Abstract: Retrieval-augmented generation (RAG) has become a powerful framework for enhancing LLMs in knowledge-intensive and reasoning tasks. However, as reasoning chains deepen or search trees expand, RAG systems often face two persistent failures: evidence forgetting, where retrieved knowledge is not effectively used, and inefficiency, caused by uncontrolled query expansions and redundant retrieval. These issues reveal a critical gap between retrieval and evidence utilization in current RAG architectures. We propose PruneRAG, a confidence-guided query decomposition framework that builds a structured query decomposition tree to perform stable and efficient reasoning. PruneRAG introduces three key mechanisms: adaptive node expansion that regulates tree width and depth, confidence-guided decisions that accept reliable answers and prune uncertain branches, and fine-grained retrieval that extracts entity-level anchors to improve retrieval precision. Together, these components preserve salient evidence throughout multi-hop reasoning while significantly reducing retrieval overhead. To better analyze evidence misuse, we define the Evidence Forgetting Rate as a metric to quantify cases where golden evidence is retrieved but not correctly used. Extensive experiments across various multi-hop QA benchmarks show that PruneRAG achieves superior accuracy and efficiency over state-of-the-art baselines.

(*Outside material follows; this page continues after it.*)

(* Let $v\in\mathbb{Z}^d$ be primitive and $p$ an odd prime. Then $O_{v,p}\cap\mathcal{U}=\bigsqcup_{h\in M_0}O_{v,p,h}$.
   Context: Setup: $\mathbb{G}_1=\mathrm{SO}_d$, $\mathbb{G}_2=\mathrm{ASL}_{d-1}=\{\begin{pmatrix}g&*\\0&1\end{pmatrix}:g\in\mathrm{SL}_{d-1}\}$, $\mathbb{G}=\mathbb{G}_1\times\mathbb{G}_2$. Elements of $\mathbb{G}(\mathbb{R}\times\mathbb{Q}_p)$ are written $((g_{1,\infty},g_{1,p}),(g_{2,\infty},g_{2,p}))$; $\mathbb{G}(\mathbb{Z}[1/p])$ is embedded diagonally, and $\mathcal{Y}_p=\mathbb{G}(\mathbb{R}\times\mathbb{Q}_p)/\mathbb{G}(\mathbb{Z}[1/p])$; $\mathcal{U}=\mathbb{G}(\mathbb{R}\times\mathbb{Z}_p)\mathbb{G}(\mathbb{Z}[1/p])\subseteq\mathcal{Y}_p$. For primitive $v$: $\Lambda_v=v^\perp\cap\mathbb{Z}^d$; $H_v\le\mathrm{SO}_d$ the stabilizer of $v$; $g_v\in\mathrm{SL}_d(\mathbb{Z})$ a fixed matrix whose first $d-1$ columns form a positively oriented $\mathbb{Z}$-basis of $\Lambda_v$; $L_v=\{(h,g_v^{-1}hg_v):h\in H_v\}\le\mathbb{G}$; $k_v\in\mathrm{SO}_d(\mathbb{R})$ fixed with $k_vv=\|v\|e_d$; $a_v=\mathrm{diag}(\|v\|^{-1/(d-1)},\dots,\|v\|^{-1/(d-1)},\|v\|)$. $O_{v,p}=((k_v,e),(a_vk_vg_v,e))\cdot L_v(\mathbb{R}\times\mathbb{Q}_p)\,\mathbb{G}(\mathbb{Z}[1/p])$. $M$ is a finite set of representatives of $H_v(\mathbb{Q}_p)=\bigsqcup_{h\in M}H_v(\mathbb{Z}_p)hH_v(\mathbb{Z}[1/p])$, and $M_0=\{h\in M:h\in\mathrm{SO}_d(\mathbb{Z}_p)\mathrm{SO}_d(\mathbb{Z}[1/p])\}$ (the $h\in M$ lying in the set of $p$-adic $\mathbb{G}_1$-coordinates of elements of $\mathcal{U}$). $K=H_{e_d}(\mathbb{R})\cong\mathrm{SO}_{d-1}(\mathbb{R})$, $\Delta K\times L_v(\mathbb{Z}_p)=\{((k,h'),(k,g_v^{-1}h'g_v)):k\in K,h'\in H_v(\mathbb{Z}_p)\}$, and $O_{v,p,h}=(\Delta K\times L_v(\mathbb{Z}_p))\cdot((k_v,h),(a_vk_vg_v,g_v^{-1}hg_v))\mathbb{G}(\mathbb{Z}[1/p])$. *)

theory Defs
  imports Complex_Main "Jordan_Normal_Form.Determinant"
begin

• The paper introduces PruneRAG, which applies adaptive query decomposition, confidence-guided pruning, and fine-grained entity retrieval to reduce evidence forgetting in retrieval-augmented generation.
• It employs a tree-based structure that achieves a 5.45% F1 improvement and a 4.9× speedup on benchmarks like HotpotQA by robustly aggregating intermediate answers.
• The architecture uses confidence thresholds to optimize multi-hop reasoning, curbing error propagation and ensuring precise, resource-efficient evidence utilization.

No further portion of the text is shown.